** Task prompt **
Output only the stretch of the listing that starts at the line containing "(tail_error i M)" and ends at the line containing "case (Suc N)", reproduced exactly with both ends.

[Data for review Boundary: Start]

lemma e2_minus_o2_eq_fps_nth:
  assumes "n < K"
  shows "int (e2 n) - int (o2 n) = fps_nth (signed_restr_gf K) n"
proof -
  let ?c = "\<lambda>h. int (card {q. restr_part n q \<and> length q = h})"
  have "fps_nth (signed_restr_gf K) n = (\<Sum>h\<in>{3..<K}. (- 1) ^ h * ?c h)"
    unfolding signed_restr_gf_def fps_sum_nth
    by (intro sum.cong refl) (simp add: fps_nth_neg1_power_mult card_restr_part_length)
  also have "\<dots> = (\<Sum>h\<in>{3..<K}. if even h then ?c h else - ?c h)"
    by (intro sum.cong refl) simp
  also have "\<dots> = (\<Sum>h\<in>{h\<in>{3..<K}. even h}. ?c h) - (\<Sum>h\<in>{h\<in>{3..<K}. odd h}. ?c h)"
    by (simp add: sum.If_cases sum_negf Int_def Collect_conj_eq[symmetric])
  also have "\<dots> = int (e2 n) - int (o2 n)"
    unfolding e2_def o2_def card_restr_part_sum_lengths[OF assms, of even] card_restr_part_sum_lengths[OF assms, of odd]
    by simp
  finally show ?thesis by simp
qed

section \<open>Telescoping the signed generating function\<close>

text \<open>
  In the notation above, lead_exp i = a_i and tail_sum i N is the N-th partial sum of T_i; for
  partial sums the identity for T_i holds up to tail_error i M, which is of order
  x^(a_i + (i+2)(M+2)).
\<close>

fun lead_exp :: "nat \<Rightarrow> nat" where
  "lead_exp 0 = 5"
| "lead_exp (Suc i) = lead_exp i + 3 * i + 7"

definition tail_term :: "nat \<Rightarrow> nat \<Rightarrow> int fps" where
  "tail_term i j = (- 1) ^ j * fps_X ^ (lead_exp i + (i + 2) * j) * (1 + fps_X ^ 2)
                   * subset_sum_gf {i + 2..i + 1 + j}"

definition tail_sum :: "nat \<Rightarrow> nat \<Rightarrow> int fps" where
  "tail_sum i N = (\<Sum>j<N. tail_term i j)"

definition tail_head :: "nat \<Rightarrow> int fps" where
  "tail_head i = (1 + fps_X ^ 2) * (fps_X ^ lead_exp i - fps_X ^ (lead_exp i + i + 2))"

definition tail_error :: "nat \<Rightarrow> nat \<Rightarrow> int fps" where
  "tail_error i M = (- 1) ^ (M + 1) * fps_X ^ (lead_exp i + (i + 2) * (M + 2)) * (1 + fps_X ^ 2)
                    * subset_sum_gf {i + 3..i + M + 2}"

lemma tail_term_Suc_Suc:
  "tail_term i (M + 2) = tail_term (Suc i) M + tail_error i (Suc M) - tail_error i M"
proof -
  define Y :: "int fps" where "Y = fps_X ^ (lead_exp i + (i + 2) * (M + 2))"
  define u :: "int fps" where "u = fps_X ^ (i + 2)"
  define v :: "int fps" where "v = fps_X ^ Suc (i + M + 2)"
  define R :: "int fps" where "R = subset_sum_gf {i + 3..i + M + 2}"
  have "subset_sum_gf {i + 3..Suc (i + M + 2)} = (1 + v) * R"
    unfolding v_def R_def by (rule subset_sum_gf_atLeastAtMost_Suc) simp
  then have R1: "subset_sum_gf {i + 3..i + Suc M + 2} = (1 + v) * R" by simp
  have "subset_sum_gf {i + 2..i + 1 + (M + 2)} = (1 + u) * subset_sum_gf {Suc (i + 2)..i + 1 + (M + 2)}"
    unfolding u_def by (rule subset_sum_gf_atLeast_Suc_atMost) simp
  also have "{Suc (i + 2)..i + 1 + (M + 2)} = {i + 3..Suc (i + M + 2)}" by auto
  finally have R2: "subset_sum_gf {i + 2..i + 1 + (M + 2)} = (1 + u) * ((1 + v) * R)"
    using R1 by simp
  have R0: "subset_sum_gf {Suc i + 2..Suc i + 1 + M} = R"
    unfolding R_def by (rule arg_cong[where f = subset_sum_gf]) auto
  have "lead_exp (Suc i) + (Suc i + 2) * M = (lead_exp i + (i + 2) * (M + 2)) + Suc (i + M + 2)"
    by (simp add: algebra_simps)
  then have Yv: "fps_X ^ (lead_exp (Suc i) + (Suc i + 2) * M) = Y * v"
    unfolding Y_def v_def by (simp only: power_add)
  have "lead_exp i + (i + 2) * (Suc M + 2) = (lead_exp i + (i + 2) * (M + 2)) + (i + 2)"
    by (simp add: algebra_simps)
  then have Yu: "fps_X ^ (lead_exp i + (i + 2) * (Suc M + 2)) = Y * u"
    unfolding Y_def u_def by (simp only: power_add)
  have T2: "tail_term i (M + 2) = (- 1) ^ M * Y * (1 + fps_X ^ 2) * ((1 + u) * ((1 + v) * R))"
    unfolding tail_term_def R2 Y_def by simp
  have T0: "tail_term (Suc i) M = (- 1) ^ M * (Y * v) * (1 + fps_X ^ 2) * R"
    unfolding tail_term_def R0 Yv ..
  have E1: "tail_error i (Suc M) = (- 1) ^ M * (Y * u) * (1 + fps_X ^ 2) * ((1 + v) * R)"
    unfolding tail_error_def R1 Yu by simp
  have E0: "tail_error i M = - ((- 1) ^ M * Y * (1 + fps_X ^ 2) * R)"
    unfolding tail_error_def Y_def R_def by simp
  show ?thesis unfolding T2 T0 E1 E0 by (simp add: algebra_simps)
qed

lemma tail_sum_two: "tail_sum i 2 = tail_head i + tail_error i 0"
proof -
  define a :: "int fps" where "a = fps_X ^ lead_exp i"
  define u :: "int fps" where "u = fps_X ^ (i + 2)"
  have "lead_exp i + (i + 2) * 1 = lead_exp i + (i + 2)" by simp
  then have Xu: "fps_X ^ (lead_exp i + (i + 2) * 1) = a * u"
    unfolding a_def u_def by (simp only: power_add)
  have "lead_exp i + i + 2 = lead_exp i + (i + 2)" by simp
  then have Xu': "fps_X ^ (lead_exp i + i + 2) = a * u"
    unfolding a_def u_def by (simp only: power_add)
  have "lead_exp i + (i + 2) * (0 + 2) = lead_exp i + (i + 2) + (i + 2)" by simp
  then have Xuu: "fps_X ^ (lead_exp i + (i + 2) * (0 + 2)) = a * u * u"
    unfolding a_def u_def by (simp only: power_add)
  have S: "tail_sum i 2 = tail_term i 0 + tail_term i 1"
    by (simp add: tail_sum_def numeral_2_eq_2)
  have T0: "tail_term i 0 = a * (1 + fps_X ^ 2)"
    by (simp add: tail_term_def subset_sum_gf_def a_def)
  have T1: "tail_term i 1 = - (a * u * (1 + fps_X ^ 2) * (1 + u))"
    unfolding tail_term_def Xu by (simp add: subset_sum_gf_def u_def)
  have E0: "tail_error i 0 = - (a * u * u * (1 + fps_X ^ 2))"
    unfolding tail_error_def Xuu by (simp add: subset_sum_gf_def)
  have H: "tail_head i = (1 + fps_X ^ 2) * (a - a * u)"
    unfolding tail_head_def Xu' a_def ..
  show ?thesis unfolding S T0 T1 E0 H by (simp add: algebra_simps)
qed

lemma tail_sum_telescope:
  "tail_sum i (M + 2) = tail_head i + tail_sum (Suc i) M + tail_error i M"
proof (induction M)
  case 0
  have "tail_sum (Suc i) 0 = 0" by (simp add: tail_sum_def)
  with tail_sum_two show ?case by (simp add: numeral_2_eq_2)
next
  case (Suc M)
  have "tail_sum i (Suc M + 2) = tail_sum i (M + 2) + tail_term i (M + 2)"
    by (simp add: tail_sum_def)
  also have "\<dots> = tail_head i + tail_sum (Suc i) (Suc M) + tail_error i (Suc M)"
    unfolding Suc.IH tail_term_Suc_Suc by (simp add: tail_sum_def)
  finally show ?case .
qed

lemma lead_exp_ge: "lead_exp i \<ge> 7 * i + 5"
  by (induction i) auto

lemma fps_nth_tail_error:
  assumes "n < lead_exp i + (i + 2) * (M + 2)"
  shows "fps_nth (tail_error i M) n = 0"
proof -
  have "tail_error i M = (- 1) ^ (M + 1) * (fps_X ^ (lead_exp i + (i + 2) * (M + 2))
                          * ((1 + fps_X ^ 2) * subset_sum_gf {i + 3..i + M + 2}))"
    by (simp only: tail_error_def mult.assoc)
  then show ?thesis
    using assms by (simp only: fps_nth_neg1_power_mult fps_X_power_mult_nth if_True mult_zero_right)
qed

lemma fps_nth_tail_sum:
  "n < 2 * L + 7 * i + 5 \<Longrightarrow> fps_nth (tail_sum i (2 * L)) n = (\<Sum>k<L. fps_nth (tail_head (i + k)) n)"
proof (induction L arbitrary: i)
  case 0
  then show ?case by (simp add: tail_sum_def)
next
  case (Suc L)
  have "n < 7 * i + 5 + 2 * (2 * L + 2)" using Suc.prems by simp
  also have "\<dots> \<le> lead_exp i + (i + 2) * (2 * L + 2)"
    by (intro add_mono lead_exp_ge mult_right_mono) simp_all
  finally have "n < lead_exp i + (i + 2) * (2 * L + 2)" .
  then have "fps_nth (tail_error i (2 * L)) n = 0" by (rule fps_nth_tail_error)
  moreover have "tail_sum i (2 * Suc L) = tail_head i + tail_sum (Suc i) (2 * L) + tail_error i (2 * L)"
    using tail_sum_telescope[of i "2 * L"] by (simp add: add.commute)
  ultimately show ?case
    using Suc.IH[of "Suc i"] Suc.prems unfolding sum.lessThan_Suc_shift by simp
qed

lemma signed_restr_gf_eq_tail_sum: "signed_restr_gf (N + 4) = tail_sum 1 N - fps_X ^ 9"
proof (induction N)
  case 0
  then show ?case by (simp add: signed_restr_gf_def tail_sum_def subset_sum_gf_def numeral_eq_Suc)
next
  case (Suc N)
  have "signed_restr_gf (Suc N + 4)
      = signed_restr_gf (N + 4) + (- 1) ^ (N + 4) * (fps_X ^ (3 * (N + 4)) * subset_sum_gf {2..N + 4 - 2})"
    unfolding signed_restr_gf_def add_Suc by (subst sum.atLeastLessThan_Suc) simp_all
  also have "subset_sum_gf {2..N + 4 - 2} = (1 + fps_X ^ 2) * (subset_sum_gf {1 + 2..1 + 1 + N} :: int fps)"
    using subset_sum_gf_atLeast_Suc_atMost[of 2 "N + 2"] by (simp add: numeral_eq_Suc)
  also have "3 * (N + 4) = lead_exp 1 + (1 + 2) * N" by (simp add: numeral_eq_Suc)
  also have "(- 1 :: int fps) ^ (N + 4) = (- 1) ^ N" by (simp add: power_add)
  finally have "signed_restr_gf (Suc N + 4) = signed_restr_gf (N + 4) + tail_term 1 N"
    by (simp add: tail_term_def mult.assoc)
  then show ?case by (simp add: Suc.IH tail_sum_def)
qed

[Data for review Boundary: End]

** Answer box **
  shows "fps_nth (tail_error i M) n = 0"
proof -
  have "tail_error i M = (- 1) ^ (M + 1) * (fps_X ^ (lead_exp i + (i + 2) * (M + 2))
                          * ((1 + fps_X ^ 2) * subset_sum_gf {i + 3..i + M + 2}))"
    by (simp only: tail_error_def mult.assoc)
  then show ?thesis
    using assms by (simp only: fps_nth_neg1_power_mult fps_X_power_mult_nth if_True mult_zero_right)
qed

lemma fps_nth_tail_sum:
  "n < 2 * L + 7 * i + 5 \<Longrightarrow> fps_nth (tail_sum i (2 * L)) n = (\<Sum>k<L. fps_nth (tail_head (i + k)) n)"
proof (induction L arbitrary: i)
  case 0
  then show ?case by (simp add: tail_sum_def)
next
  case (Suc L)
  have "n < 7 * i + 5 + 2 * (2 * L + 2)" using Suc.prems by simp
  also have "\<dots> \<le> lead_exp i + (i + 2) * (2 * L + 2)"
    by (intro add_mono lead_exp_ge mult_right_mono) simp_all
  finally have "n < lead_exp i + (i + 2) * (2 * L + 2)" .
  then have "fps_nth (tail_error i (2 * L)) n = 0" by (rule fps_nth_tail_error)
  moreover have "tail_sum i (2 * Suc L) = tail_head i + tail_sum (Suc i) (2 * L) + tail_error i (2 * L)"
    using tail_sum_telescope[of i "2 * L"] by (simp add: add.commute)
  ultimately show ?case
    using Suc.IH[of "Suc i"] Suc.prems unfolding sum.lessThan_Suc_shift by simp
qed

lemma signed_restr_gf_eq_tail_sum: "signed_restr_gf (N + 4) = tail_sum 1 N - fps_X ^ 9"
proof (induction N)
  case 0
  then show ?case by (simp add: signed_restr_gf_def tail_sum_def subset_sum_gf_def numeral_eq_Suc)
next
  case (Suc N)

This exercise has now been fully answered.